In the possible but unrealistic scenario of all huge miners disappearing overnight right after an adjustment and thus making it impossible to reach 2016 blocks, the users will offer higher transaction fees and so make mining profitable again (or, at least, provide incentive to the miners to come back).

What you describe as an equilibrium really involves lots of disappointed people whose transactions take far longer than expected. Some wallets probably don't support CPFP, lots of people don't have any idea where to look for features like this.

While the system will ultimately reach stasis eventually, it will be seen as an "outage" that will end up playing to many altcoins' strengths (more frequent/softer difficulty adjustments, no-PoW coins, etc).

> that will end up playing to many altcoins' strengths

So what, then the difficulty gets adjusted and that's it. People won't stay on altcoins except for speculation, they're not usable anywhere except on trading platforms or, in case of Dogecoin, on Reddit. The "big whales" BTC, ETH and LTC have sucked up the market - most of the other currencies can't even be directly traded against the dollar but trading has to be done against BTC... thus, whenever BTC drops, everything else drops.

The problem is/will be that BTC has lost its value as an usable payment instrument due to high tx fees, confirmation time and the ridiculous price volatility. I hope this will reverse a bit.

[disclosure: holding ~500€ in BTC]

Not exactly.

If a large percentage of miners stop mining, the difficultly will be adjusted so it's easier to mine Bitcoin. The difficulty is tuned such that blocks are solved every 10 minutes, regardless of how many miners are working.

One problem is that the time required for the adjustment to happen is determined by how many miners are left and is unbounded.

Why am I getting downvoted!? The question is what happens if (all) miners shut down. To me, it does NOT seem to be asking what happens if some miners begin to fade out.

I'm sure my answer is technically correct. Transactions only happen if a block is mined. If all miners suddenly stop mining, there are no blocks mined, there are no transactions, all bitcoins are frozen.

I understand this seems an absurd situation, but this was the question, or have I misunderstood it?

The question wasn't specific about the number of miners stopping operations. At 0 miners indeed transactions will halt and only resume when somebody starts mining again. As the number of miners reaches zero it will become trivial to perform a >50% attack. It will be much simpler to replace the 'legitimate' block chain with an own one as nobody will be there to check it. I up voted your answer.

Thanks, I see now, OP's asking about mines, not necessarily miners (though I guess it's a bit hard to distinguish... if I mine, do I have a mine? how many cores should I have to qualify that as a mine?)

Anyway, on the >50% attack, I'm not totally in agreement. The attack can drop transactions, but can't forge any (which, btw, goes towards the "there won't be transactions"). If the network would ever restart, it will be eventually verified.

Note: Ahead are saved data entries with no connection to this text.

lemma mord_pos: "\<exists>n>0. a ^ n = 1 \<Longrightarrow> 0 < mord a"
  using LeastI_ex[of "\<lambda>n. 0 < n \<and> a ^ n = 1"] by (simp add: mord_def)

lemma mord_dvd_if_power_power_eq_1:
  fixes a :: "'k::field"
  assumes "\<exists>n>0. a ^ n = 1" and "(a ^ x) ^ n = 1" and "coprime (mord a) n"
  shows "mord a dvd x"
proof -
  have "mord a dvd x * n"
    using assms(2) power_eq_1_iff_mord_dvd[OF assms(1), of "x * n"] by (simp add: power_mult)
  then show ?thesis using assms(3) by (simp add: coprime_dvd_mult_left_iff)
qed

lemma coprime_mord_power_eq:
  fixes q r :: "'k::field"
  assumes q: "\<exists>n>0. q ^ n = 1" and r: "\<exists>n>0. r ^ n = 1"
    and cop: "coprime (mord q) (mord r)" and eq: "q ^ x = r ^ y"
  shows "mord q dvd x" and "mord r dvd y"
proof -
  have "(q ^ x) ^ mord r = 1"
    unfolding eq power_mult[symmetric] by (simp add: power_eq_1_iff_mord_dvd[OF r])
  moreover have "(r ^ y) ^ mord q = 1"
    unfolding eq[symmetric] power_mult[symmetric] by (simp add: power_eq_1_iff_mord_dvd[OF q])
  ultimately show "mord q dvd x" and "mord r dvd y"
    using cop by (auto intro: mord_dvd_if_power_power_eq_1 q r simp: coprime_commute)
qed

lemma coprime_mord_power_mult_eq_1:
  fixes q r :: "'k::field"
  assumes q: "\<exists>n>0. q ^ n = 1" and r: "\<exists>n>0. r ^ n = 1"
    and cop: "coprime (mord q) (mord r)" and eq: "q ^ x * r ^ y = 1"
  shows "mord q dvd x" and "mord r dvd y"
proof -
  have r1: "(r ^ y) ^ mord r = 1" and q1: "(q ^ x) ^ mord q = 1"
    unfolding power_mult[symmetric]
    by (simp_all add: power_eq_1_iff_mord_dvd[OF r] power_eq_1_iff_mord_dvd[OF q])
  have "(q ^ x) ^ mord r = 1" "(r ^ y) ^ mord q = 1"
    using arg_cong[OF eq, of "\<lambda>z. z ^ mord r"] arg_cong[OF eq, of "\<lambda>z. z ^ mord q"] r1 q1
    by (simp_all add: power_mult_distrib)
  then show "mord q dvd x" and "mord r dvd y"
    using cop by (auto intro: mord_dvd_if_power_power_eq_1 q r simp: coprime_commute)
qed

lemma lcm_mord_dvd_exponents:
  fixes q r :: "'k::field"
  assumes q: "\<exists>n>0. q ^ n = 1" and r: "\<exists>n>0. r ^ n = 1" and cop: "coprime (mord q) (mord r)"
    and "q ^ (a + c) = r ^ (c + d)" and "q ^ (b + d) = r ^ (a + b)"
    and "q ^ b * r ^ c = 1" and "q ^ c * r ^ b = 1"
  shows "lcm (mord q) (mord r) dvd a \<and> lcm (mord q) (mord r) dvd b
       \<and> lcm (mord q) (mord r) dvd c \<and> lcm (mord q) (mord r) dvd d"
proof -
  note eq = coprime_mord_power_eq[OF q r cop] and eq1 = coprime_mord_power_mult_eq_1[OF q r cop]
  have "mord q dvd b" "mord r dvd c" "mord q dvd c" "mord r dvd b"
    using eq1 assms(6,7) by blast+
  moreover have "mord q dvd a + c" "mord r dvd c + d" "mord q dvd b + d" "mord r dvd a + b"
    using eq assms(4,5) by blast+
  ultimately show ?thesis
    by (auto simp: dvd_add_left_iff dvd_add_right_iff intro: lcm_least)
qed

section \<open>Central elements are spanned by the monomials in the \<open>y\<^sub>i\<^sub>j\<close>\<close>

lemma lmul_eq_rmul_if_act_comm:
  assumes "q \<noteq> 0" and "r \<noteq> 0" and "fin_supp f"
    and comm: "\<And>h v. act q r f (lmul q r h v) = lmul q r h (act q r f v)"
  shows "lmul q r h (act q r f pbw_one) = rmul q r h (act q r f pbw_one)"
  using lmul_one_eq_rmul_one[of q r h] act_rmul_comm[OF assms(1-3)] by (simp flip: comm)

lemma exponent_relations_if_lmul_eq_rmul:
  assumes "q \<noteq> 0" and lr: "\<And>h. lmul q r h v = rmul q r h v" and nz: "v (a, b, c, d) \<noteq> 0"
    and k: "kappa q r (a + 1) = 0 \<and> kappa q r (d + 1) = 0 \<or> v (a + 1, b - 1, c - 1, d + 1) = 0"
  shows "q ^ (a + c) = r ^ (c + d)" and "q ^ (b + d) = r ^ (a + b)"
    and "q ^ b * r ^ c = 1" and "q ^ c * r ^ b = 1"
proof -
  have at: "lmul q r h v m = rmul q r h v m" for h m
    using lr by simp
  have "q ^ a = r ^ d * (r / q) ^ c"
    using at[of X12 "(a, Suc b, c, d)"] nz by (simp add: lmul_at rmul_at)
  then show "q ^ (a + c) = r ^ (c + d)"
    using \<open>q \<noteq> 0\<close> by (simp add: power_add power_divide field_simps)
  have "r ^ a * (r / q) ^ b = q ^ d"
    using at[of X21 "(a, b, Suc c, d)"] nz by (simp add: lmul_at rmul_at)
  then show "q ^ (b + d) = r ^ (a + b)"
    using \<open>q \<noteq> 0\<close> by (simp add: power_add power_divide field_simps)
  have "v (a, b, c, d) = q ^ b * r ^ c * v (a, b, c, d)"
    using at[of X11 "(Suc a, b, c, d)"] k by (auto simp: lmul_at rmul_at split: if_splits)
  then show "q ^ b * r ^ c = 1" using nz by simp
  have "r ^ b * q ^ c * v (a, b, c, d) = v (a, b, c, d)"
    using at[of X22 "(a, b, c, Suc d)"] k by (auto simp: lmul_at rmul_at split: if_splits)
  then show "q ^ c * r ^ b = 1" using nz by (simp add: mult.commute)
qed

never. if it's not profitable miner will leave diffoculty will drop and miners will make profit so the ones that left will come back etc.

It's already at the point where you have to spend lots on money on hardware and have cheap power to make it work.

I can't find the article right now, but there was one on HN recently were the number, at least for chinese miners, was in the high 6k range.

When the price of producing bitcoin > the cost of bitcoin, it will stop. It's like all other forms of mining. For many miners, that's probably the cost of electricity, which could be free in some parts of the world, or very, very cheap.